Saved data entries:
________________________
(* Split the atoms at mass 1/m. For a light atom sqrt n \<le> n, and for a heavy atom j AM-GM gives
   sqrt n \<le> n / (2 a_j) + a_j / 2 with a_j = sqrt (m \<mu>(j)). Summed over the atoms hit by the
   sample, this bounds m \<Phi>_m by a sum of m i.i.d. bounded terms plus a constant, and the
   expectation of that bound is \<mu>(light) + m^(-1/2) \<Sigma>_heavy sqrt \<mu>(j) \<le> 2 \<Lambda>_m(\<mu>).
   Replacing one sample point raises one count and lowers another by 1, and sqrt is subadditive,
   so \<Phi>_m has bounded differences 1/m. McDiarmid's inequality, obtained from Hoeffding's lemma by
   conditioning on all coordinates but one, then gives the tail exp (-2 m t^2), which equals
   \<delta>^2 \<le> \<delta> at t = sqrt (log (1/\<delta>) / m). *)

section \<open>McDiarmid's inequality for product distributions\<close>

lemma integrable_measure_pmf_bounded:
  fixes f :: "'a \<Rightarrow> real"
  assumes "\<And>x. \<bar>f x\<bar> \<le> B"
  shows "integrable (measure_pmf M) f"
  by (rule measure_pmf.integrable_const_bound[where B = B]) (use assms in auto)

lemma abs_expectation_le_bound:
  fixes f :: "'a \<Rightarrow> real"
  assumes "\<And>x. \<bar>f x\<bar> \<le> B"
  shows "\<bar>measure_pmf.expectation M f\<bar> \<le> B"
proof -
  have "\<bar>measure_pmf.expectation M f\<bar> \<le> measure_pmf.expectation M (\<lambda>x. \<bar>f x\<bar>)"
    by (rule integral_abs_bound)
  also have "\<dots> \<le> measure_pmf.expectation M (\<lambda>_. B)"
    using assms order_trans[OF abs_ge_zero assms]
    by (intro integral_mono integrable_measure_pmf_bounded[where B = B]) auto
  also have "\<dots> = B"
    by simp
  finally show ?thesis .
qed
(* Let $(\eta_t)$ be an irreducible continuous-time Markov chain on a finite set $E$ with jump rates $R(\eta,\xi)$ and invariant probability $\mu$. Let $R^s(\eta,\xi)=\tfrac12\{R(\eta,\xi)+\mu(\xi)R(\xi,\eta)/\mu(\eta)\}$ be the rates of the reversible chain, and denote by $\mathrm{Cap}$ and $\mathrm{Cap}^s$ the capacities with respect to the original and the reversible chain. Then for any two disjoint nonempty subsets $A,B$ of $E$, $$\mathrm{Cap}^s(A,B)\le\mathrm{Cap}(A,B)\le2|E|\,\mathrm{Cap}^s(A,B).$$
   Context: For a chain on $E$ with rates $Q(\eta,\xi)$, holding rates $\lambda(\eta)=\sum_{\xi\ne\eta}Q(\eta,\xi)$ and invariant probability $\mu$, the capacity between disjoint nonempty $A,B$ is $\sum_{\eta\in A}\mu(\eta)\lambda(\eta)\mathbb P_\eta[H_B<H^+_A]$, where $H_B=\inf\{t>0:\eta_t\in B\}$, $H^+_A=\inf\{t>\tau_1:\eta_t\in A\}$ and $\tau_1$ is the first jump time. (The reversible chain with rates $R^s$ has $\mu$ as reversible invariant measure.) *)

theory Defs
  imports Complex_Main
begin

text \<open>Continuous-time Markov chain on a finite state set E with rates Q x y (x \<noteq> y);
  diagonal values of Q are ignored.\<close>

definition hold_rate :: "'a set \<Rightarrow> ('a \<Rightarrow> 'a \<Rightarrow> real) \<Rightarrow> 'a \<Rightarrow> real" where
  "hold_rate E Q x = (\<Sum>y\<in>E - {x}. Q x y)"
________________________
Exercise details:
If a line above holds the word "disjoint", copy it.

Reply:
(* Let $(\eta_t)$ be an irreducible continuous-time Markov chain on a finite set $E$ with jump rates $R(\eta,\xi)$ and invariant probability $\mu$. Let $R^s(\eta,\xi)=\tfrac12\{R(\eta,\xi)+\mu(\xi)R(\xi,\eta)/\mu(\eta)\}$ be the rates of the reversible chain, and denote by $\mathrm{Cap}$ and $\mathrm{Cap}^s$ the capacities with respect to the original and the reversible chain. Then for any two disjoint nonempty subsets $A,B$ of $E$, $$\mathrm{Cap}^s(A,B)\le\mathrm{Cap}(A,B)\le2|E|\,\mathrm{Cap}^s(A,B).$$
   Context: For a chain on $E$ with rates $Q(\eta,\xi)$, holding rates $\lambda(\eta)=\sum_{\xi\ne\eta}Q(\eta,\xi)$ and invariant probability $\mu$, the capacity between disjoint nonempty $A,B$ is $\sum_{\eta\in A}\mu(\eta)\lambda(\eta)\mathbb P_\eta[H_B<H^+_A]$, where $H_B=\inf\{t>0:\eta_t\in B\}$, $H^+_A=\inf\{t>\tau_1:\eta_t\in A\}$ and $\tau_1$ is the first jump time. (The reversible chain with rates $R^s$ has $\mu$ as reversible invariant measure.) *)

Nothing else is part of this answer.